AI’s gradual progress is evident in Gameface. But another project demonstrates how AI-assisted accessibility can be implemented on a wider level. Minecraft Access is a mod that seeks to make Minecraft accessible to blind and visually impaired players. Logic, part of the team behind the mod, tells WIRED how a suite of AI tools, including ChatGPT and Google’s own Tensor Flow, are helping with the project.

“We are hoping AI can fill in … visual context for blind and low-vision players by providing information about the world as it is needed or upon request,” Logic says.

Particularly exciting is the potential for AI to not just bolster accessibility, but actively learn what a player needs. This will prove especially useful for broader applications in accessibility, given the layers of spectrums that make up disability and how personalized each player’s needs are. 

We do need to rein in our expectations, however. As promising as these recent implementations have proven, and as instructive as they may be for the future, there remain significant barriers to entry. In its current stage of development, Minecraft Access requires multiple programs to function, something Logic acknowledges makes it less accessible than it could be.

“The average user is not going to want to collect a bunch of programs from different parts of the web,” Logic says.

Similarly, Ben Green, a disabled gamer, finds Gameface’s potential exciting but worries about diversity in the data. It may be able to “recognize lots of faces,” he says. “But some people with facial differences, like a ventilator in my case, or asymmetrical facial features, might be barely represented, or not at all.”

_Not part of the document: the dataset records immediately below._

lemma ff_pos:
  assumes p: "0 < p" "p < 1" and t: "(1 / dd \<alpha> n) ^ k < 1 - p" and s: "s \<ge> 0"
  shows "ff k p \<alpha> n s > 0"
proof -
  define t where "t = (1 / dd \<alpha> n) ^ k"
  have t0: "t \<ge> 0"
    by (simp add: t_def dd_def)
  have t1: "t < 1 - p"
    using t by (simp add: t_def)
  have "p / (1 - p) * (- t / (1 - t)) \<le> p / (1 - p) * ((s ^ k - t) / (1 - t))"
    using p t1 s by (intro mult_left_mono divide_right_mono) auto
  moreover have "p / (1 - p) * (t / (1 - t)) < 1"
  proof -
    have "p * t < (1 - p) * (1 - t)"
      using t1 by (simp add: algebra_simps)
    then have "p * t / ((1 - p) * (1 - t)) < 1"
      using p t1 by (subst divide_less_eq) (auto intro: mult_pos_pos)
    then show ?thesis
      by simp
  qed
  ultimately show ?thesis
    by (simp add: ff_def t_def[symmetric])
qed

lemma Phic_pos:
  assumes "dd \<alpha> n > 1" "ff k p \<alpha> n (z / real n) > 0" "0 < z" "z < real n"
  shows "Phic k p r \<alpha> n z > 0"
  using assms by (simp add: Phic_def)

When asked about this, Miguel de Andrés-Clavera, who leads the team that developed Project Gameface, says, “We decided to create a functionality for people to customize which expressions they used to control the mouse.” This includes the ability to customize the intensity of gestures for different needs. He goes on, “With that being said, we are always looking for ways to increase the accessibility of our technology for more people. Our hope is that over time, Project Gameface will continue to improve and become even more helpful.”

Even with these caveats, it’s interesting to see how hopeful people are about AI’s role in accessibility. Once we can distinguish between unethical applications of content-driven generative AI and meaningful AI tools and implementations that can help people solve problems and benefit others, there’s plenty of cause for optimism—with the understanding that AI’s true value is tied to our ability to make it work for us.

The future of AI is ambiguous, but it holds the potential to benefit individual gamers and the industry at large. Its use requires caution, and we can expect pitfalls, but there’s every reason to believe that careful implementation of AI can contribute to a gaming landscape that encompasses a wider spectrum of players.

That’s the world Moroney wants to live in: “a world where people like Lance aren’t confined because solutions are technically infeasible, but rather one where developers have such superpowers that building solutions to allow him to connect to the world is easy.”